What needs to be done: Tally the lines in the data that follows that include the word "fixes", and report nothing but the total.

Input material:
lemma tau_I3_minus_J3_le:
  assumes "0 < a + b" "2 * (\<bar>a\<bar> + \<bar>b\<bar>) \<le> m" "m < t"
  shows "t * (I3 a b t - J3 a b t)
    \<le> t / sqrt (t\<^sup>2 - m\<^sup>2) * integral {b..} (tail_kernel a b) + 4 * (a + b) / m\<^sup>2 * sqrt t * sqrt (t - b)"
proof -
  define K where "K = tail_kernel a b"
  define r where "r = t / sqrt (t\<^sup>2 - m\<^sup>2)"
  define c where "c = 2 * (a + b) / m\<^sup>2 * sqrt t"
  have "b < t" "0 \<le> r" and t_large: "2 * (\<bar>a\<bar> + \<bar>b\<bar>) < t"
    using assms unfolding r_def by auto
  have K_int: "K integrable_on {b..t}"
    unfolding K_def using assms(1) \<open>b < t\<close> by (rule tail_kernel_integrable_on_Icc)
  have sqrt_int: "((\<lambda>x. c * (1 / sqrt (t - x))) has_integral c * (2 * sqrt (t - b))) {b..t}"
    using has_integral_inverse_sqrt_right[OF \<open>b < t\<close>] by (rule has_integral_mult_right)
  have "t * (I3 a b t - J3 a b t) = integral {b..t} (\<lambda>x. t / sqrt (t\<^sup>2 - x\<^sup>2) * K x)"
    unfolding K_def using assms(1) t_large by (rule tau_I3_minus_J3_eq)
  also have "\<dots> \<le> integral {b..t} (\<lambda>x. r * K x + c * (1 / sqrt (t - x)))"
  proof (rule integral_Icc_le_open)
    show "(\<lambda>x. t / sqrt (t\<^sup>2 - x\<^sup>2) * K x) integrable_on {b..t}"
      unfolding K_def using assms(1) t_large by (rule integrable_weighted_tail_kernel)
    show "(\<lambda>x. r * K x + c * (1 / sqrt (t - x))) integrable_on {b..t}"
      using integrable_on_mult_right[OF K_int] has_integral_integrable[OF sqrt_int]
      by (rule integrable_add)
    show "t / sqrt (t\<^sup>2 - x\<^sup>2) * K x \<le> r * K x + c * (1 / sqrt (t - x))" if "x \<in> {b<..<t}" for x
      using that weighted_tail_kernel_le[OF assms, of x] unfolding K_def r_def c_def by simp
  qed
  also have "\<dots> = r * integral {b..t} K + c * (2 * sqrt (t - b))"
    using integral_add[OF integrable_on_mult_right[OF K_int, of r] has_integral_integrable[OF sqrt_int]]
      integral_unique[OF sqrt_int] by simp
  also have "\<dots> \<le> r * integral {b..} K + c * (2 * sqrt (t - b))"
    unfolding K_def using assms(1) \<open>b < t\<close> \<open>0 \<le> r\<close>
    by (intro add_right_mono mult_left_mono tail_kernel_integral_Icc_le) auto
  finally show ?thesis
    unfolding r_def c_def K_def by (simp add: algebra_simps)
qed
...
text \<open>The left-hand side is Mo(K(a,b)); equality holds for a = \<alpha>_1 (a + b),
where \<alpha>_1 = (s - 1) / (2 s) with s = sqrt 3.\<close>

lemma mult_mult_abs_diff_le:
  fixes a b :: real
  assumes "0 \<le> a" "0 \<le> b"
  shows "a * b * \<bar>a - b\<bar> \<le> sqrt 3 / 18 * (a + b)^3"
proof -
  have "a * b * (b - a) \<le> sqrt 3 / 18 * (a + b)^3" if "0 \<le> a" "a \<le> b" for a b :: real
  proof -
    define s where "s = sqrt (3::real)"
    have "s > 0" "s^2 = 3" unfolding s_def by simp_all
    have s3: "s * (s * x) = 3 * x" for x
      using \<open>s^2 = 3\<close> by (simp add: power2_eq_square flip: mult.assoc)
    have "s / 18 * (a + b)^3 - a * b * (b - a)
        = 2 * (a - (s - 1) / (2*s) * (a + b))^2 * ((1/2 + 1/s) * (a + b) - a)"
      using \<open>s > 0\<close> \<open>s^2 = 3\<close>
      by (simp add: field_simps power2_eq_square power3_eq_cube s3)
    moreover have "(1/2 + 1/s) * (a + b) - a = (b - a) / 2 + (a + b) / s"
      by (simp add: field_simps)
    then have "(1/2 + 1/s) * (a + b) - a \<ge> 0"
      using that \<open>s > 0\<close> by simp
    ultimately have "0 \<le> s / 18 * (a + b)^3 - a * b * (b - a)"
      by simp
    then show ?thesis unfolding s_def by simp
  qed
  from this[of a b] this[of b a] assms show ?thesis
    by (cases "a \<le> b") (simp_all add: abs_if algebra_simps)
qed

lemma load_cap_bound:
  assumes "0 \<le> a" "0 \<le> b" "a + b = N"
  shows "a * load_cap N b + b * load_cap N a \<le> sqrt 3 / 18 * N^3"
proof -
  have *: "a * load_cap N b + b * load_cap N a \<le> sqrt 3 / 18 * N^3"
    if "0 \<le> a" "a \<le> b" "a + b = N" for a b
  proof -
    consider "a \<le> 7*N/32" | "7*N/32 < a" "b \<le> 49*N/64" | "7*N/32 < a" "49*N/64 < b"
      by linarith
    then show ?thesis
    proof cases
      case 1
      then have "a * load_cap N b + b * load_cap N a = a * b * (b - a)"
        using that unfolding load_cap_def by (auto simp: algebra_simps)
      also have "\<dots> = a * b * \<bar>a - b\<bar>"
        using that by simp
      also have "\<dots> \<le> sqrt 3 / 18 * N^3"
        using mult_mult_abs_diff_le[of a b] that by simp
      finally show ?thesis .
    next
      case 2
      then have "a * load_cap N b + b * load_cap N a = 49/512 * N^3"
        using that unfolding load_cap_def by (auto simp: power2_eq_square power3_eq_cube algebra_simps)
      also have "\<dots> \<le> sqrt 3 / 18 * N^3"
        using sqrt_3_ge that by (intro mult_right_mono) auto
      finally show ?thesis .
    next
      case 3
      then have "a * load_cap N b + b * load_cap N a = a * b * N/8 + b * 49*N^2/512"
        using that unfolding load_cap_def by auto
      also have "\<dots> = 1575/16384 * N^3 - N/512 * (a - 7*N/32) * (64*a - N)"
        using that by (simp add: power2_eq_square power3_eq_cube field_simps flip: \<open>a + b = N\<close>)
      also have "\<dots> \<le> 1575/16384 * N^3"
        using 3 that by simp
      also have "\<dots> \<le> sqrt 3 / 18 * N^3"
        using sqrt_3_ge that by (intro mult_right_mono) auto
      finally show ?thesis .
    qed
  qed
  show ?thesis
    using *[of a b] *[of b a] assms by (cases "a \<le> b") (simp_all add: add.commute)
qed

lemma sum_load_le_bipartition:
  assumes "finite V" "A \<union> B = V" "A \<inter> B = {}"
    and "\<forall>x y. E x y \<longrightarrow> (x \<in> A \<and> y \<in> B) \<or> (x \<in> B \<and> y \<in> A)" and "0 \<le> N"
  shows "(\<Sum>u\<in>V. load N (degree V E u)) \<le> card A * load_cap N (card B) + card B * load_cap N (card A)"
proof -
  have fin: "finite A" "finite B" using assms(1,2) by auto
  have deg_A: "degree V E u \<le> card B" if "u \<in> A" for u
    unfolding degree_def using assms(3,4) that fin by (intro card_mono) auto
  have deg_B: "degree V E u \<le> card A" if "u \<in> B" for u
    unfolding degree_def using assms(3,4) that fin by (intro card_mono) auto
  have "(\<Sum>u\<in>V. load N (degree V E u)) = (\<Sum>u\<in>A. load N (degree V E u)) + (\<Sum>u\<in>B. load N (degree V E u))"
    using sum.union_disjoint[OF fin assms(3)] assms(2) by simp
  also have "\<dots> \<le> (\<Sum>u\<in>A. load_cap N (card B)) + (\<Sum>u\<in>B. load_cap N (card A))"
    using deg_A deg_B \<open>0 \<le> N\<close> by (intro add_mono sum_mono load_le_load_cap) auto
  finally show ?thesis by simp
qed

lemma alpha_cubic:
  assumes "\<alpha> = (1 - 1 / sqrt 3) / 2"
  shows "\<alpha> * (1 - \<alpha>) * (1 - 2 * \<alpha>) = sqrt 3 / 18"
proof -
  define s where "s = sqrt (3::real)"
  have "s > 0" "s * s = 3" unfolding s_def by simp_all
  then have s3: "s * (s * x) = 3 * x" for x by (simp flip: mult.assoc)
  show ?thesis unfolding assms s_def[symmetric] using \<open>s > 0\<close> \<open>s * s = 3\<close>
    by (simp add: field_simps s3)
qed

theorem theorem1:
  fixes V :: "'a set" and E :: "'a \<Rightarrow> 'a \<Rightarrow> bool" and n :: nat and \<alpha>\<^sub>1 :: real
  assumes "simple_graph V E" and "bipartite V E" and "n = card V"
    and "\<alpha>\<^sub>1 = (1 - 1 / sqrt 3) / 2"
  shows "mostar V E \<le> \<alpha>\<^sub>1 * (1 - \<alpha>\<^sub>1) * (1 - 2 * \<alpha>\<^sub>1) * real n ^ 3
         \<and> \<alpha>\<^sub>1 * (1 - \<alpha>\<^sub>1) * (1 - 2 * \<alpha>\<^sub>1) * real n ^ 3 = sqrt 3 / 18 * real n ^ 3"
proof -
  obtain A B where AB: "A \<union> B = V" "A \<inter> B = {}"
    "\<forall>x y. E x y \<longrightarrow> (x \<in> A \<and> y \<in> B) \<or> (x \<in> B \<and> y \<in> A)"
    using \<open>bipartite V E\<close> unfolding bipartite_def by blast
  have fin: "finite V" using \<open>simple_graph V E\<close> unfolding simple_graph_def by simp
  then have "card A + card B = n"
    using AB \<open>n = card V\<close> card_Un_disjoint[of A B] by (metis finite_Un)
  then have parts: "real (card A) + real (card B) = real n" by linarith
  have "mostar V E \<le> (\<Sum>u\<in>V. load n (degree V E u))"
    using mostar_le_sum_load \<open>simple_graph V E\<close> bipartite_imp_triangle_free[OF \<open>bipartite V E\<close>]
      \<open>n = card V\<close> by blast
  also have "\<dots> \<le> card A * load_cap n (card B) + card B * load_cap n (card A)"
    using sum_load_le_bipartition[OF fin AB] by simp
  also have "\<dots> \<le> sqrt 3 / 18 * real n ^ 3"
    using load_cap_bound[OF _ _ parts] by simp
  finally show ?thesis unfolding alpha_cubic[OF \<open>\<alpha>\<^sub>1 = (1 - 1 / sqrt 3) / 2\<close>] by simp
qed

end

Task result: 2